As an additional caution, laboratories also must recall that the provision of supplies and equipment to lab customers implicates the federal anti-kickback statute. The general rule under the anti-kickback statute is that the statute is implicated any time a laboratory gives supplies to its clients for free or at less than fair market value—note that the statute contains no exemption for de minimus forms of remuneration. However, the HHS OIG in its 1994 Fraud Alert, clarified that the statute may not be implicated when a laboratory provides its clients with certain types of supplies that are integral to, and solely used for, performance of the outside laboratory's work:

The following are additional examples of inducements offered by clinical laboratories which may implicate the anti-kickback statute:

Provision of computers or fax machines, unless such equipment is integral to, and exclusively used for, performance of the outside laboratory's work.

OIG has made additional statements concerning free supplies since that time. Based upon these instructions from OIG, the general rule seems to be that a laboratory services provider can provide free supplies to the extent (1) they are not provided to the physicians by the laboratories in exchange for referrals; (2) they are integral to, and exclusively used for, performance of the outside laboratory's work; and (3) they do not have a clear independent value to physicians.
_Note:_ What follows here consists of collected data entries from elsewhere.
lemma sum_norm_taylor_coeff_radius_le:
  assumes hol: "f holomorphic_on ball 0 1" and bound: "\<And>z. z \<in> ball 0 1 \<Longrightarrow> norm (f z) \<le> M"
    and r: "0 < r" "r < 1"
  shows "(\<Sum>k<K. (norm (taylor_coeff f k) * r ^ k)\<^sup>2) \<le> M\<^sup>2"
proof (rule tendsto_lowerbound)
  have "(\<lambda>N. (M + M * r ^ N / (1 - r))\<^sup>2) \<longlonglongrightarrow> (M + M * 0 / (1 - r))\<^sup>2"
    using r by (intro tendsto_intros LIMSEQ_power_zero) auto
  then show "(\<lambda>N. (M + M * r ^ N / (1 - r))\<^sup>2) \<longlonglongrightarrow> M\<^sup>2"
    by simp
  show "eventually (\<lambda>N. (\<Sum>k<K. (norm (taylor_coeff f k) * r ^ k)\<^sup>2) \<le> (M + M * r ^ N / (1 - r))\<^sup>2) sequentially"
    unfolding eventually_sequentially
  proof (intro exI allI impI)
    fix N
    assume N: "Suc K \<le> N"
    then have "0 < N"
      by simp
    from N have "(\<Sum>k<K. (norm (taylor_coeff f k) * r ^ k)\<^sup>2) \<le> (\<Sum>k<N. (norm (taylor_coeff f k) * r ^ k)\<^sup>2)"
      by (intro sum_mono2) auto
    also have "\<dots> \<le> (M + M * r ^ N / (1 - r))\<^sup>2"
      by (rule sum_norm_taylor_coeff_radius_le_truncated[OF hol bound r \<open>0 < N\<close>])
    finally show "(\<Sum>k<K. (norm (taylor_coeff f k) * r ^ k)\<^sup>2) \<le> (M + M * r ^ N / (1 - r))\<^sup>2" .
  qed
qed simp

lemma sum_norm_taylor_coeff_le:
  assumes hol: "f holomorphic_on ball 0 1" and bound: "\<And>z. z \<in> ball 0 1 \<Longrightarrow> norm (f z) \<le> M"
  shows "(\<Sum>k<K. (norm (taylor_coeff f k))\<^sup>2) \<le> M\<^sup>2"
proof (rule tendsto_upperbound)
  have "((\<lambda>r. \<Sum>k<K. (norm (taylor_coeff f k) * r ^ k)\<^sup>2) \<longlongrightarrow> (\<Sum>k<K. (norm (taylor_coeff f k) * 1 ^ k)\<^sup>2)) (at_left 1)"
    by (intro tendsto_intros)
  then show "((\<lambda>r. \<Sum>k<K. (norm (taylor_coeff f k) * r ^ k)\<^sup>2) \<longlongrightarrow> (\<Sum>k<K. (norm (taylor_coeff f k))\<^sup>2)) (at_left 1)"
    by simp
  show "eventually (\<lambda>r. (\<Sum>k<K. (norm (taylor_coeff f k) * r ^ k)\<^sup>2) \<le> M\<^sup>2) (at_left (1::real))"
    using eventually_at_left_real[of 0 1]
    by (auto elim!: eventually_mono intro: sum_norm_taylor_coeff_radius_le[OF hol bound])
qed simp

section \<open>Weak convergence in \<open>l\<^sup>2\<close>\<close>

lemma Cauchy_Schwarz_suminf_mult_cnj:
  fixes c v :: "nat \<Rightarrow> complex"
  assumes v: "summable (\<lambda>k. (norm (v k))\<^sup>2)" and c: "\<And>N. (\<Sum>k<N. (norm (c k))\<^sup>2) \<le> B"
  shows "summable (\<lambda>k. c k * cnj (v k))"
    and "norm (\<Sum>k. c k * cnj (v k)) \<le> sqrt (B * (\<Sum>k. (norm (v k))\<^sup>2))"
proof -
  have partial: "(\<Sum>k<N. norm (c k * cnj (v k))) \<le> sqrt (B * (\<Sum>k. (norm (v k))\<^sup>2))" for N
  proof -
    have "(\<Sum>k<N. norm (c k) * norm (v k))\<^sup>2 \<le> (\<Sum>k<N. (norm (c k))\<^sup>2) * (\<Sum>k<N. (norm (v k))\<^sup>2)"
      by (rule Cauchy_Schwarz_ineq_sum)
    also have "\<dots> \<le> B * (\<Sum>k. (norm (v k))\<^sup>2)"
      using c[of 0] by (intro mult_mono c sum_le_suminf v) (auto intro: sum_nonneg)
    finally show ?thesis
      by (simp add: norm_mult real_le_rsqrt)
  qed
  have abs_summable: "summable (\<lambda>k. norm (c k * cnj (v k)))"
    by (rule summableI_nonneg_bounded[OF _ partial]) simp
  then show "summable (\<lambda>k. c k * cnj (v k))"
    by (rule summable_norm_cancel)
  have "norm (\<Sum>k. c k * cnj (v k)) \<le> (\<Sum>k. norm (c k * cnj (v k)))"
    by (rule summable_norm[OF abs_summable])
  also have "\<dots> \<le> sqrt (B * (\<Sum>k. (norm (v k))\<^sup>2))"
    by (rule suminf_le_const[OF abs_summable partial])
  finally show "norm (\<Sum>k. c k * cnj (v k)) \<le> sqrt (B * (\<Sum>k. (norm (v k))\<^sup>2))" .
qed

lemma sum_shift_le_sum:
  fixes f :: "nat \<Rightarrow> 'a::ordered_comm_monoid_add"
  assumes "\<And>k. 0 \<le> f k"
  shows "(\<Sum>i<N. f (i + K)) \<le> (\<Sum>k<N + K. f k)"
proof -
  have "(\<Sum>i<N. f (i + K)) = sum f {K..<N + K}"
    using sum.shift_bounds_nat_ivl[of f 0 K N] by (simp add: atLeast0LessThan)
  also have "\<dots> \<le> (\<Sum>k<N + K. f k)"
    using assms by (intro sum_mono2) auto
  finally show ?thesis .
qed
lemma X_power_mixed_radix:
  assumes "N = A * B * E" and "0 < E" and "k < N"
    and "a < A" "a' < A" "b < B" "b' < B"
    and "e - int k = int E * (int a - int a' + int A * (int b - int b'))"
  shows "X_power N e k = (if a = a' \<and> b = b' then 1 else 0)"
proof -
  note radix = mixed_radix_diff[OF assms(4-7)]
  have "\<bar>e - int k\<bar> < int E * (int A * int B)"
    unfolding assms(8) abs_mult using radix(1) assms(2) by simp
  then have "\<bar>e - int k\<bar> < int N" by (simp add: assms(1) ac_simps)
  moreover have "e = int k \<longleftrightarrow> a = a' \<and> b = b'"
    using radix(2) assms(2,8) by (metis eq_iff_diff_eq_0 mult_eq_0_iff of_nat_0_less_iff less_irrefl)
  ultimately show ?thesis using X_power_eq_indicator[OF assms(3)] by simp
qed

definition X_power_comb :: "nat \<Rightarrow> 'a set \<Rightarrow> ('a \<Rightarrow> int) \<Rightarrow> ('a \<Rightarrow> int) \<Rightarrow> rq" where
  "X_power_comb N I c e = (\<lambda>k. \<Sum>x\<in>I. c x * X_power N (e x) k)"

lemma negacyclic_mult_comb_X_power:
  assumes "k < N"
  shows "negacyclic_mult N (X_power_comb N I c e) (X_power N f) k = X_power_comb N I c (\<lambda>x. e x + f) k"
  unfolding X_power_comb_def
  by (simp add: negacyclic_mult_sum_left negacyclic_mult_smult_left X_power_mult[OF assms])

lemma negacyclic_mult_comb_comb:
  assumes "k < N"
  shows "negacyclic_mult N (X_power_comb N I c e) (X_power_comb N J d f) k =
    (\<Sum>y\<in>J. d y * X_power_comb N I c (\<lambda>x. e x + f y) k)"
  unfolding X_power_comb_def[of N J]
  by (simp add: negacyclic_mult_sum_right negacyclic_mult_smult_right
      negacyclic_mult_comb_X_power[OF assms])

lemma X_power_comb_coeff_single:
  assumes "finite I" and "x0 \<in> I" and "\<And>x. x \<in> I \<Longrightarrow> X_power N (e x) k = (if x = x0 then 1 else 0)"
  shows "X_power_comb N I c e k = c x0"
proof -
  have "X_power_comb N I c e k = (\<Sum>x\<in>I. if x = x0 then c x0 else 0)"
    unfolding X_power_comb_def by (intro sum.cong) (auto simp: assms(3))
  then show ?thesis using assms(1,2) by simp
qed

lemma X_power_comb_slot_coeff:
  assumes "N = n * D" and "0 < D" and "l < n"
  shows "X_power_comb N {..<n} c (\<lambda>i. int (i * D)) (l * D) = c l"
proof (rule X_power_comb_coeff_single)
  fix i assume "i \<in> {..<n}"
  then show "X_power N (int (i * D)) (l * D) = (if i = l then 1 else 0)"
    using X_power_mixed_radix[of N D n 1 "l * D" 0 0 i l "int (i * D)"] assms
    by (simp add: algebra_simps)
qed (use assms in auto)

text \<open>The operations of \<open>R_q\<close> respect coefficientwise congruence modulo \<open>q\<close>, so they may be
  computed in \<open>\<int>[X]/(X^N + 1)\<close> without reduction.\<close>

definition cong_coeffs :: "nat \<Rightarrow> int \<Rightarrow> rq \<Rightarrow> rq \<Rightarrow> bool" where
  "cong_coeffs N q a b \<longleftrightarrow> (\<forall>k<N. a k mod q = b k mod q)"

lemma cong_coeffs_refl [simp]: "cong_coeffs N q a a"
  unfolding cong_coeffs_def by simp

lemma cong_coeffs_eqI: "(\<And>k. k < N \<Longrightarrow> a k = b k) \<Longrightarrow> cong_coeffs N q a b"
  unfolding cong_coeffs_def by simp

lemma cong_coeffs_trans: "cong_coeffs N q a b \<Longrightarrow> cong_coeffs N q b c \<Longrightarrow> cong_coeffs N q a c"
  unfolding cong_coeffs_def by simp

lemma cong_coeffsD: "cong_coeffs N q a b \<Longrightarrow> k < N \<Longrightarrow> a k mod q = b k mod q"
  unfolding cong_coeffs_def by simp

lemma sum_mod_cong:
  assumes "\<And>x. x \<in> A \<Longrightarrow> f x mod (q::int) = g x mod q"
  shows "sum f A mod q = sum g A mod q"
  by (metis (mono_tags, lifting) assms mod_sum_eq sum.cong)

lemma negacyclic_mult_mod_cong:
  assumes "cong_coeffs N q a a'" and "cong_coeffs N q b b'"
  shows "negacyclic_mult N a b k mod q = negacyclic_mult N a' b' k mod q"
  unfolding negacyclic_mult_def
  using assms by (intro sum_mod_cong mod_mult_cong) (auto simp: cong_coeffs_def)

lemma cong_coeffs_rmul:
  assumes "cong_coeffs N q a a'" and "cong_coeffs N q b b'"
  shows "cong_coeffs N q (rmul N q a b) (negacyclic_mult N a' b')"
  unfolding cong_coeffs_def rmul_eq_cmod_negacyclic_mult
  using negacyclic_mult_mod_cong[OF assms] by simp

lemma cong_coeffs_rsum:
  assumes "\<And>x. x \<in> I \<Longrightarrow> cong_coeffs N q (f x) (g x)"
  shows "cong_coeffs N q (rsum N q f I) (\<lambda>k. \<Sum>x\<in>I. g x k)"
  using assms unfolding cong_coeffs_def rsum_def by (auto intro!: sum_mod_cong)

lemma radd_mod_eq: "k < N \<Longrightarrow> radd N q a b k mod q = (a k + b k) mod q"
  unfolding radd_def by simp

lemma rsum_mod_eq: "k < N \<Longrightarrow> rsum N q f I k mod q = (\<Sum>i\<in>I. f i k) mod q"
  unfolding rsum_def by simp

lemma cong_coeffs_Xpow: "cong_coeffs N q (Xpow N q e) (X_power N e)"
  unfolding cong_coeffs_def Xpow_def X_power_def by simp

lemma cong_coeffs_rsum_monomials:
  "cong_coeffs N q (rsum N q (\<lambda>i. rmul N q (rconst N q (c i)) (Xpow N q (e i))) I) (X_power_comb N I c e)"
  unfolding X_power_comb_def
proof (rule cong_coeffs_rsum, rule cong_coeffs_trans[OF cong_coeffs_rmul[OF _ cong_coeffs_Xpow]])
  fix i
  show "cong_coeffs N q (rconst N q (c i)) (\<lambda>k. c i * X_power N 0 k)"
    unfolding cong_coeffs_def rconst_def X_power_def by auto
  show "cong_coeffs N q (negacyclic_mult N (\<lambda>k. c i * X_power N 0 k) (X_power N (e i)))
      (\<lambda>k. c i * X_power N (e i) k)"
    by (rule cong_coeffs_eqI) (simp add: negacyclic_mult_smult_left X_power_mult)
qed

lemma cong_coeffs_rsum_rmul_Xpow:
  "cong_coeffs N q
     (rsum N q (\<lambda>i. rmul N q (rsum N q (\<lambda>j. rmul N q (rconst N q (c i j)) (Xpow N q (e j))) J)
                               (Xpow N q (f i))) I)
     (X_power_comb N (I \<times> J) (\<lambda>(i, j). c i j) (\<lambda>(i, j). e j + f i))"
proof -
  have "cong_coeffs N q
     (rsum N q (\<lambda>i. rmul N q (rsum N q (\<lambda>j. rmul N q (rconst N q (c i j)) (Xpow N q (e j))) J)
                               (Xpow N q (f i))) I)
     (\<lambda>k. \<Sum>i\<in>I. X_power_comb N J (c i) (\<lambda>j. e j + f i) k)"
  proof (rule cong_coeffs_rsum, rule cong_coeffs_trans[OF cong_coeffs_rmul])
    fix i
    show "cong_coeffs N q (negacyclic_mult N (X_power_comb N J (c i) e) (X_power N (f i)))
        (X_power_comb N J (c i) (\<lambda>j. e j + f i))"
      by (rule cong_coeffs_eqI) (rule negacyclic_mult_comb_X_power)
  qed (rule cong_coeffs_rsum_monomials cong_coeffs_Xpow)+
  then show ?thesis
    by (simp add: X_power_comb_def sum.cartesian_product case_prod_beta)
qed

section \<open>Slots of packed polynomials\<close>

lemma mult_div_eq_of_eq_mult:
  fixes N n D i :: nat
  assumes "N = n * D" and "0 < n"
  shows "i * N div n = i * D"
proof -
  have "i * N = n * (i * D)" unfolding assms(1) by (simp add: ac_simps)
  then show ?thesis using assms(2) by (simp only:) simp
qed

lemma Slot_cong_X_power_comb:
  assumes "N = n * D" and "0 < D"
  shows "cong_coeffs N q (Slot N n w) (X_power_comb N {..<n} (\<lambda>j. w (j * D)) (\<lambda>j. int (j * D)))"
proof (rule cong_coeffs_eqI, rule sym)
  fix k assume "k < N"
  note assms = assms this
  have n: "0 < n" using assms by (cases n) auto
  have "X_power N (int (j * D)) k = (if k = j * D then 1 else 0)" if "j < n" for j
  proof -
    have "j * D < N" using that assms by simp
    then show ?thesis by (simp add: X_power_def nat_int_comparison)
  qed
  then have "X_power_comb N {..<n} (\<lambda>j. w (j * D)) (\<lambda>j. int (j * D)) k =
      (\<Sum>j<n. if k = j * D then w k else 0)"
    unfolding X_power_comb_def by (intro sum.cong) auto
  also have "\<dots> = Slot N n w k"
  proof (cases "\<exists>i<n. k = i * D")
    case True
    then obtain i where i: "i < n" "k = i * D" by blast
    then have "(\<Sum>j<n. if k = j * D then w k else 0) = (\<Sum>j<n. if j = i then w k else 0)"
      using assms(2) by (intro sum.cong) auto
    then show ?thesis using i assms n unfolding Slot_def by auto
  next
    case False
    then show ?thesis using assms n unfolding Slot_def by auto
  qed
  finally show "X_power_comb N {..<n} (\<lambda>j. w (j * D)) (\<lambda>j. int (j * D)) k = Slot N n w k" .
qed

lemma Pack_cong_X_power_comb:
  assumes "N = n * D" and "0 < n"
  shows "cong_coeffs N q (Pack N n q a) (X_power_comb N {..<n} (\<lambda>i. a $ i) (\<lambda>i. int (i * D)))"
  unfolding Pack_def mult_div_eq_of_eq_mult[OF assms] by (rule cong_coeffs_rsum_monomials)

lemma Pack_slot_cong:
  assumes "N = n * D" and "0 < D" and "l < n"
  shows "Pack N n q a (l * D) mod q = a $ l mod q"
  using cong_coeffsD[OF Pack_cong_X_power_comb[OF assms(1)], of "l * D"]
    X_power_comb_slot_coeff[OF assms] assms by simp

lemma feedback_term_slot_cong:
  assumes "N = n * D" and "0 < D" and "l < n" and "r < n"
  shows "rmul N q (Pack N n q a) (Slot N 1 (rmul N q (Xpow N q (- int (r * D))) z)) (l * D) mod q
    = a $ l * z (r * D) mod q"
proof -
  let ?w = "rmul N q (Xpow N q (- int (r * D))) z"
  have N: "0 < N" and lD: "l * D < N" and rD: "r * D \<le> N" using assms by simp_all
  have "?w 0 mod q = negacyclic_mult N (X_power N (- int (r * D))) z 0 mod q"
    using N by (simp add: rmul_eq_cmod_negacyclic_mult negacyclic_mult_mod_cong[OF cong_coeffs_Xpow cong_coeffs_refl])
  also have "negacyclic_mult N (X_power N (- int (r * D))) z 0 = z (r * D)"
    using negacyclic_mult_X_power_neg_left[OF rD N] assms by simp
  finally have w0: "?w 0 mod q = z (r * D) mod q" .
  have "cong_coeffs N q (Slot N 1 ?w) (\<lambda>k. ?w 0 * X_power N 0 k)"
    by (rule cong_coeffs_eqI) (auto simp: Slot_def X_power_def)
  from cong_coeffs_rmul[OF Pack_cong_X_power_comb[OF assms(1)] this] assms(3)
  have "rmul N q (Pack N n q a) (Slot N 1 ?w) (l * D) mod q =
      negacyclic_mult N (X_power_comb N {..<n} (\<lambda>i. a $ i) (\<lambda>i. int (i * D)))
        (\<lambda>k. ?w 0 * X_power N 0 k) (l * D) mod q"
    using lD by (intro cong_coeffsD) auto
  also have "negacyclic_mult N (X_power_comb N {..<n} (\<lambda>i. a $ i) (\<lambda>i. int (i * D)))
        (\<lambda>k. ?w 0 * X_power N 0 k) (l * D) = ?w 0 * a $ l"
    using X_power_comb_slot_coeff[OF assms(1-3)]
    by (simp add: negacyclic_mult_smult_right negacyclic_mult_comb_X_power[OF lD])
  finally show ?thesis using w0 by (metis mod_mult_cong mult.commute)
qed

lemma rotation_slot_cong:
  assumes "N = n * D" and "0 < D" and "l < n"
  shows "rmul N q (Xpow N q (- int D)) z (l * D) mod q
    = (if l + 1 < n then z ((l + 1) * D) else - z 0) mod q"
proof -
  have lD: "l * D < N" and "D \<le> N" using assms by simp_all
  have "rmul N q (Xpow N q (- int D)) z (l * D) mod q
      = negacyclic_mult N (X_power N (- int D)) z (l * D) mod q"
    using lD by (simp add: rmul_eq_cmod_negacyclic_mult negacyclic_mult_mod_cong[OF cong_coeffs_Xpow cong_coeffs_refl])
  also have "negacyclic_mult N (X_power N (- int D)) z (l * D)
      = (if l + 1 < n then z ((l + 1) * D) else - z 0)"
  proof -
    have "l * D + D = (l + 1) * D" by simp
    then have "l * D + D < N \<longleftrightarrow> l + 1 < n" using assms by (simp only: mult_less_cancel2) simp
    moreover have "l * D + D - N = 0" if "\<not> l + 1 < n"
    proof -
      have "n = l + 1" using that assms by simp
      then show ?thesis using assms by simp
    qed
    ultimately show ?thesis
      using negacyclic_mult_X_power_neg_left[OF \<open>D \<le> N\<close> lD, of z] by (simp add: add.commute)
  qed
  finally show ?thesis .
qed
In conclusion, laboratories are strongly encouraged as part of their now mandatory compliance programs to adopt careful guidelines in connection with their offering and providing of supplies to physician clients. Some suggested guidelines include:

  1. In no case should the provision of supplies to the physician client be offered to induce referrals of the physician client’s testing business—thus, the lab should not use the provision of supplies as a sales or marketing pitch.
  2. Supplies must be used by physicians solely to collect, transport, process, or store specimens referred to the laboratory.
  3. The lab should adopt and adhere to a detailed list of permitted and/or prohibited supplies—the CCLA list is a very good place to start.
  4. No supplies provided by the lab should be used for the collection, transportation, processing, storage or preparation of specimens for testing to be performed and/or billed by the physician client. The lab should take care to ascertain whether the physician client performs in-office testing, and regulate the provision of lab supplies accordingly.
  5. The lab should maintain and document its procedures to police unauthorized use of the supplies. At a minimum, quantities of supplies must be carefully monitored and correlated to the volume of specimens typically sent to the laboratory for processing.